= Beginning of Section =

lemma mset_index_pair_list:
  "mset [(i, j). i \<leftarrow> [0..<n], j \<leftarrow> [0..<n], i < j] = mset_set (index_pairs n)"
proof -
  have filter_product:
    "[(i, j). i \<leftarrow> is, j \<leftarrow> js, i < j] = filter (\<lambda>(i, j). i < j) (List.product is js)"
    for "is" js :: "nat list"
  proof (induction "is")
    case (Cons i "is")
    have "[(i, j). j \<leftarrow> js, i < j] = filter (\<lambda>(i, j). i < j) (map (Pair i) js)"
      by (induction js) auto
    with Cons show ?case by simp
  qed simp
  have "set (filter (\<lambda>(i, j). i < j) (List.product [0..<n] [0..<n])) = index_pairs n"
    by (auto simp: index_pairs_def)
  then show ?thesis
    unfolding filter_product by (metis distinct_filter distinct_product distinct_upt mset_set_set)
qed

lemma sum_constant_mset: "(\<Sum>_\<in>A. M) = repeat_mset (card A) M"
  by (rule multiset_eqI) (simp add: count_sum)

lemma sum_nth_singletons: "(\<Sum>j<length xs. {#xs ! j#}) = mset xs"
  by (induction xs) (simp_all add: sum.lessThan_Suc_shift del: sum.lessThan_Suc)

fun pair_sums :: "('a \<Rightarrow> 'a \<Rightarrow> 'a) \<Rightarrow> 'a list \<Rightarrow> 'a multiset" where
  "pair_sums f [] = {#}"
| "pair_sums f (a # as) = image_mset (f a) (mset as) + pair_sums f as"

lemma pair_sums_conv_sum:
  "pair_sums f xs = (\<Sum>(i, j)\<in>index_pairs (length xs). {#f (xs ! i) (xs ! j)#})"
proof (induction xs)
  case (Cons a as)
  have "image_mset (f a) (mset as) = (\<Sum>j<length as. {#f a (as ! j)#})"
    using sum_nth_singletons[of "map (f a) as"] by simp
  with Cons show ?case by (simp add: sum_index_pairs_Suc)
qed simp

lemma size_pair_sums: "size (pair_sums f xs) = length xs choose 2"
  by (induction xs) (simp_all add: numeral_2_eq_2)

lemma sum_index_pairs_endpoints:
  "(\<Sum>(i, j)\<in>index_pairs (length xs). {#xs ! i, xs ! j#}) = repeat_mset (length xs - 1) (mset xs)"
proof (induction xs)
  case (Cons a as)
  have "(\<Sum>j<length as. {#a, as ! j#}) = (\<Sum>j<length as. {#a#} + {#as ! j#})"
    by (simp add: add_mset_commute)
  also have "\<dots> = repeat_mset (length as) {#a#} + mset as"
    by (simp only: sum.distrib sum_constant_mset sum_nth_singletons card_lessThan)
  finally have "(\<Sum>j<length as. {#a, as ! j#}) = repeat_mset (length as) {#a#} + mset as" .
  with Cons show ?case
    by (cases as) (simp_all add: sum_index_pairs_Suc)
qed simp

lemma pair_sums_middle:
  assumes "comm_groupoid f"
  shows "pair_sums f (us @ a # vs) = image_mset (f a) (mset (us @ vs)) + pair_sums f (us @ vs)"
proof (induction us)
  case (Cons u us)
  have "f u a = f a u"
    using assms by (simp add: comm_groupoid_def)
  with Cons show ?case by (simp add: ac_simps)
qed simp

lemma pair_sums_mset_eq:
  assumes "comm_groupoid f" and "mset xs = mset ys"
  shows "pair_sums f xs = pair_sums f ys"
  using assms(2)
proof (induction xs arbitrary: ys)
  case (Cons a as)
  then obtain us vs where ys: "ys = us @ a # vs"
    by (metis list.set_intros(1) set_mset_mset split_list)
  with Cons.prems have "mset as = mset (us @ vs)"
    by simp
  with Cons.IH show ?case
    unfolding ys pair_sums_middle[OF assms(1)] by simp
qed simp

lemma pair_nth_subseteq_mset:
  assumes "i < j" and "j < length xs"
  shows "{#xs ! i, xs ! j#} \<subseteq># mset xs"
proof -
  have "mset xs = add_mset (xs ! j) (mset (take j xs) + mset (drop (Suc j) xs))"
    using id_take_nth_drop[OF assms(2)] by (metis mset.simps(2) mset_append union_mset_add_mset_right)
  moreover have "xs ! i \<in># mset (take j xs)"
    using assms by (auto simp: in_set_conv_nth)
  ultimately show ?thesis
    by (simp add: add_mset_commute[of "xs ! i"] mset_subset_eq_add_mset_cancel)
qed

lemma card_of_plus_pair:
  assumes "i < j" and "j < length xs"
  shows "card_of f xs i j + {#xs ! i, xs ! j#} = mset xs + {#f (xs ! i) (xs ! j)#}"
proof -
  let ?P = "{#xs ! i, xs ! j#}"
  have "card_of f xs i j + ?P = (mset xs - ?P + ?P) + {#f (xs ! i) (xs ! j)#}"
    unfolding card_of_def by (simp only: ac_simps)
  also have "mset xs - ?P + ?P = mset xs"
    using pair_nth_subseteq_mset[OF assms] by (rule subset_mset.diff_add)
  finally show ?thesis .
qed

lemma sum_deck_list:
  "\<Sum>\<^sub># (deck_list f xs) + repeat_mset (length xs - 1) (mset xs) =
     repeat_mset (length xs choose 2) (mset xs) + pair_sums f xs"
proof -
  let ?P = "index_pairs (length xs)"
  have "\<Sum>\<^sub># (deck_list f xs) = (\<Sum>(i, j)\<in>?P. card_of f xs i j)"
    by (simp add: deck_list_def mset_index_pair_list sum_unfold_sum_mset)
  then have "\<Sum>\<^sub># (deck_list f xs) + repeat_mset (length xs - 1) (mset xs) =
      (\<Sum>(i, j)\<in>?P. card_of f xs i j) + (\<Sum>(i, j)\<in>?P. {#xs ! i, xs ! j#})"
    by (simp only: sum_index_pairs_endpoints)
  also have "\<dots> = (\<Sum>(i, j)\<in>?P. card_of f xs i j + {#xs ! i, xs ! j#})"
    by (simp only: split_def sum.distrib)
  also have "\<dots> = (\<Sum>(i, j)\<in>?P. mset xs + {#f (xs ! i) (xs ! j)#})"
  proof (rule sum.cong)
    fix p
    assume "p \<in> ?P"
    then obtain i j where "p = (i, j)" and ij: "i < j" "j < length xs"
      by (auto simp: index_pairs_def)
    then show "(case p of (i, j) \<Rightarrow> card_of f xs i j + {#xs ! i, xs ! j#}) =
        (case p of (i, j) \<Rightarrow> mset xs + {#f (xs ! i) (xs ! j)#})"
      by (simp only: prod.case card_of_plus_pair[OF ij])
  qed simp
  also have "\<dots> = repeat_mset (length xs choose 2) (mset xs) + pair_sums f xs"
    by (simp only: split_def sum.distrib sum_constant_mset card_index_pairs pair_sums_conv_sum)
  finally show ?thesis .
qed

lemma pred_le_choose_two: "n - 1 \<le> n choose 2"
  by (cases n) (simp_all add: numeral_2_eq_2)

lemma sum_deck:
  assumes "comm_groupoid f" and "mset xs = M"
  shows "\<Sum>\<^sub># (deck f M) = repeat_mset ((size M choose 2) - (size M - 1)) M + pair_sums f xs"
proof -
  define ys where "ys = (SOME ys. mset ys = M)"
  have ys: "mset ys = M"
    unfolding ys_def by (rule someI_ex) (rule ex_mset)
  then have "length ys = size M"
    by auto
  moreover have "pair_sums f ys = pair_sums f xs"
    using pair_sums_mset_eq[OF assms(1)] ys assms(2) by simp
  ultimately have "\<Sum>\<^sub># (deck f M) + repeat_mset (size M - 1) M =
      repeat_mset (size M choose 2) M + pair_sums f xs"
    using sum_deck_list[of f ys] unfolding deck_def ys_def[symmetric] ys by simp
  also have "repeat_mset (size M choose 2) M =
      repeat_mset ((size M choose 2) - (size M - 1)) M + repeat_mset (size M - 1) M"
    by (simp only: le_add_diff_inverse2[OF pred_le_choose_two] flip: repeat_mset_distrib)
  finally have "\<Sum>\<^sub># (deck f M) + repeat_mset (size M - 1) M =
      (repeat_mset ((size M choose 2) - (size M - 1)) M + pair_sums f xs) + repeat_mset (size M - 1) M"
    by (simp only: ac_simps)
  then show ?thesis
    by (rule add_right_imp_eq)
qed

lemma repeat_mset_diff_subseteq:
  assumes "repeat_mset k M + S = repeat_mset k M' + S'"
  shows "repeat_mset k (M - M') \<subseteq># S'"
proof (rule mset_subset_eqI)
  fix z
  have "k * count M z + count S z = k * count M' z + count S' z"
    using arg_cong[OF assms, of "\<lambda>A. count A z"] by simp
  then show "count (repeat_mset k (M - M')) z \<le> count S' z"
    by (simp add: diff_mult_distrib2)
qed

lemma size_diff_le_one_if_repeat_mset_plus_eq:
  assumes "repeat_mset k M + S = repeat_mset k M' + S'" and "size S' < 2 * k"
  shows "size (M - M') \<le> 1"
proof -
  have "k * size (M - M') \<le> size S'"
    using size_mset_mono[OF repeat_mset_diff_subseteq[OF assms(1)]] by simp
  with assms(2) have "k * size (M - M') < k * 2"
    by linarith
  then show ?thesis
    by simp
qed

lemma repeat_mset_plus_eqE:
  assumes eq: "repeat_mset k M + S = repeat_mset k M' + S'"
    and "size S < 2 * k" and "size S' < 2 * k"
    and "size M = size M'" and "M \<noteq> M'"
  obtains x y R where "x \<noteq> y" and "M = add_mset x R" and "M' = add_mset y R"
proof -
  have decomp: "M = (M - M') + M \<inter># M'" "M' = (M' - M) + M \<inter># M'"
    by (auto intro: multiset_eqI)
  have "size (M - M') = size (M' - M)"
    using assms(4) arg_cong[OF decomp(1), of size] arg_cong[OF decomp(2), of size]
    unfolding size_union by linarith
  moreover have "size (M - M') \<noteq> 0"
  proof
    assume "size (M - M') = 0"
    with assms(5) have "M \<subset># M'"
      by (simp add: Diff_eq_empty_iff_mset subset_mset.le_less)
    with assms(4) show False
      using mset_subset_size by fastforce
  qed
  moreover have "size (M - M') \<le> 1" "size (M' - M) \<le> 1"
    using size_diff_le_one_if_repeat_mset_plus_eq[OF eq assms(3)]
      size_diff_le_one_if_repeat_mset_plus_eq[OF eq[symmetric] assms(2)] .
  ultimately have "size (M - M') = 1" and "size (M' - M) = 1"
    by linarith+
  then obtain x y where "M - M' = {#x#}" and "M' - M = {#y#}"
    by (meson size_1_singleton_mset)
  with decomp have "M = add_mset x (M \<inter># M')" and "M' = add_mset y (M \<inter># M')"
    by simp_all
  moreover from this have "x \<noteq> y"
    using assms(5) by auto
  ultimately show ?thesis
    using that by blast
qed

lemma two_pred_less_choose_two:
  assumes "5 \<le> n"
  shows "2 * (n - 1) < n choose 2"
proof -
  have "5 * (n - 1) \<le> n * (n - 1)"
    using assms by (rule mult_le_mono1)
  moreover have "(2 * (n - 1) + 1) * 2 \<le> 5 * (n - 1)"
    using assms by simp
  ultimately have "(2 * (n - 1) + 1) * 2 \<le> n * (n - 1)"
    by (rule order_trans[rotated])
  then show ?thesis
    by (simp add: choose_two less_eq_div_iff_mult_less_eq)
qed

lemma count_pair_sums_swap_le:
  assumes "comm_groupoid f" and "mset xs = add_mset x R" and "mset ys = add_mset y R"
  shows "count (pair_sums f ys) z \<le> size R + count (pair_sums f xs) z"
proof -
  obtain rs where rs: "mset rs = R"
    by (metis ex_mset)
  have "pair_sums f xs = image_mset (f x) R + pair_sums f rs"
    using pair_sums_mset_eq[OF assms(1), of xs "x # rs"] assms(2) rs by simp
  moreover have "pair_sums f ys = image_mset (f y) R + pair_sums f rs"
    using pair_sums_mset_eq[OF assms(1), of ys "y # rs"] assms(3) rs by simp
  ultimately show ?thesis
    using count_le_size[of "image_mset (f y) R" z] by simp
qed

= End of Section =

ABOUT THIS EXERCISE =>
Give the number of lines above that contain "unfolding", and nothing more.

OUTPUT FOR THIS EXERCISE =>
6